Most firms think management is an art form – it’s not

It’s a science with well-defined skills and knowledge that should be taught

For the last two years, the Loyalty Group has been working to raise the calibre of its management talent.

It started with a new competency framework that sets out the skills and abilities the Toronto-based company — known for its Air Miles reward program — expects managers to demonstrate and now every manager with one or more reports must participate in the active leadership program.

The three-day program walks attendees through a model of effective management, explained Sandra Karpas, associate director of HR. They learn how to delegate work, how to assess if the employee has the capability and motivation to do the job and what management style will be the most effective.

The three days are scattered over three months so that the trainees can take what they learn, try it out in the workplace and get feedback from peers and employees.

HR also worked with employee groups to create a performance appraisal process to ensure managers are demonstrating the management capabilities set out in the framework.

The firm embarked on a systematic approach to management development because they recognized it would be necessary if they wanted to continue to improve performance, said Karpas. “At the end of the day, if you have managers who can’t manage effectively, employees will leave.”

By now everyone in HR knows the line — it’s recited like a mantra: people don’t leave companies, they leave their managers. So finding good managers is an essential component of staffing strategies, an integral part of the quest to become an employer of choice.

But management experts still contend that while employers may in fact be looking for good managers, they often aren’t looking in the right places. Why? Because there is a basic misunderstanding about what a good manager looks like.

There are still many cases where an employee is rewarded for great performance with a promotion into management, said Brendan Nagle, who teaches management development at colleges and universities.

Sometimes the company gets lucky and the new manager thrives. But too often the employee is completely unsuited for management. Not only does the company take a great employee away from where he was doing great work, it also puts him in a position that impedes the performance of other employees as well.

“Management is a learned skill but what happens too often is that nobody actually gets the opportunity to learn it,” he said. Instead people are promoted and left on their own to find their way. Some develop metaphors to interpret their situation, he said; they think of the office as a home, their employees are family members and the second in command a partner. That’s not helpful to anyone, he said, because it leaves managers treating employees like children. There is a technology to managing that involves collecting numbers and communicating expectations. Almost anyone can do it but they have to be taught.

Much of what it takes to be a great manager can be taught, agreed Norm Trainor, CEO of the training company, The Covenant Group. But first, it takes a certain kind of person with a unique set of personal values. In most instances, HR looks for things like integrity, honesty and a proclivity for teamwork. These are important, he said, but to be successful, a manager has to value the development and success of employees.

“In a management role you often have to subordinate your own ego and put your people at the centre,” he said.

In some cases, those values are absent in star employees. In sales, for example, success often stems from a high ego drive and the need for recognition. These types of people will not make good managers because, for the most part, people don’t change their values, he said.
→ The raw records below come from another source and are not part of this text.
(* Let $\{D_i\}_{i\in\mathbb{Z}}$ be non-negative integers and $d\in\mathbb{N}$. Set $D_i^d=\max\{D_i-d,0\}$ and, for $A\subset\mathbb{Z}$, $b(A)=\sum_{i\in A}D_i^d$. Then every finite cluster $C$ of claimed vertices on level $d$ satisfies $b(C)\le |C|-1$.
   Context: A vertex $i\in\mathbb{Z}$ is claimed on level $d$ iff $\sum_{k=i-m}^{i+m}D_k^d\ge m$ for some integer $m\ge1$. A cluster of claimed vertices is a set of consecutive vertices $\{i,\dots,i+n\}$ all of which are claimed, while $i-1$ and $i+n+1$ are not claimed. *)

theory Defs
  imports Main
begin

text \<open>Truncated degree D_i^d = max (D_i - d) 0 (nat subtraction truncates at 0).\<close>
definition Dlev :: "(int \<Rightarrow> nat) \<Rightarrow> nat \<Rightarrow> int \<Rightarrow> nat" where
  "Dlev D d i = D i - d"

definition bsum :: "(int \<Rightarrow> nat) \<Rightarrow> nat \<Rightarrow> int set \<Rightarrow> nat" where
  "bsum D d A = (\<Sum>i\<in>A. Dlev D d i)"

definition claimed :: "(int \<Rightarrow> nat) \<Rightarrow> nat \<Rightarrow> int \<Rightarrow> bool" where
  "claimed D d i \<longleftrightarrow> (\<exists>m::nat. m \<ge> 1 \<and> (\<Sum>k\<in>{i - int m..i + int m}. Dlev D d k) \<ge> m)"

definition cluster :: "(int \<Rightarrow> nat) \<Rightarrow> nat \<Rightarrow> int set \<Rightarrow> bool" where
  "cluster D d C \<longleftrightarrow> (\<exists>i (n::nat). C = {i..i + int n} \<and> (\<forall>j\<in>C. claimed D d j)
      \<and> \<not> claimed D d (i - 1) \<and> \<not> claimed D d (i + int n + 1))"

end

theory Submission
  imports Defs
begin

text \<open>A cluster \<open>{i..i+n}\<close> lies inside the window of radius \<open>n + 1\<close> around the unclaimed
  vertex \<open>i - 1\<close>, and that window carries less than \<open>n + 1\<close> units of truncated degree.\<close>

lemma window_sum_less_if_not_claimed:
  assumes "\<not> claimed D d i" and "m \<ge> 1"
  shows "(\<Sum>k\<in>{i - int m..i + int m}. Dlev D d k) < m"
  using assms unfolding claimed_def by (meson not_le)

lemma bsum_less_if_not_claimed:
  assumes "\<not> claimed D d i" and "m \<ge> 1" and "A \<subseteq> {i - int m..i + int m}"
  shows "bsum D d A < m"
proof -
  have "bsum D d A \<le> (\<Sum>k\<in>{i - int m..i + int m}. Dlev D d k)"
    unfolding bsum_def using assms(3) by (intro sum_mono2) auto
  also have "\<dots> < m"
    using assms(1,2) by (rule window_sum_less_if_not_claimed)
  finally show ?thesis .
qed

text \<open>Clusters are intervals, hence finite.\<close>

theorem lemma3p2:
  fixes D :: "int \<Rightarrow> nat" and d :: nat and C :: "int set"
  assumes "cluster D d C" and "finite C"
  shows "bsum D d C \<le> card C - 1"
proof -
  obtain i and n :: nat where C: "C = {i..i + int n}" and left: "\<not> claimed D d (i - 1)"
    using assms(1) unfolding cluster_def by blast
  have "C \<subseteq> {(i - 1) - int (n + 1)..(i - 1) + int (n + 1)}"
    using C by auto
  with left have "bsum D d C < n + 1"
    by (intro bsum_less_if_not_claimed) auto
  moreover have "card C = n + 1"
    using C by simp
  ultimately show ?thesis
    by simp
qed

end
Good managers take pleasure in seeing other people grow and shine. That can’t be taught, he said. But once that is there, anyone can be trained to be a good manager — though it often isn’t taught right.

Trainor also said management is a discipline with skills and a body of knowledge as well-defined as any science. “By an large most organizations don’t view it as a science, they view it as an art.”

That basic misunderstanding explains many organizational performance problems, he said. Often when employee’s performance disappointing, the employee is blamed, but more often than not, it’s a management issue.

For example, a fundamental manager responsibility is the assignment of work. But many managers don’t know the correct way to assign work, said Trainor. They give an employee a job to do, but don’t establish the context so that first, the employee knows why he has to do it but also the employee has to be clear on what is expected of him and that he has the resources to do it. Without that, the employee doesn’t have what he needs to do the job, said Trainor.

Nagle agreed that communication between manager and employee is critical for success.

“Managers aren’t bad managers because they want to be bad managers. They are bad managers because they expect people to be able to read their minds,” he said.

In many cases, managers have an idea of what it will take for the employee to do a good job, but they never tell them what it is.

Managers not only have to be taught how, but what to communicate. The key is to turn employee data on performance into constructive feedback, Nagle said.

“The only way you can give a manager something to say is to give them a way to collect data on employees. They have to be able to describe what they want employees to do, and give them training and feedback on performance.”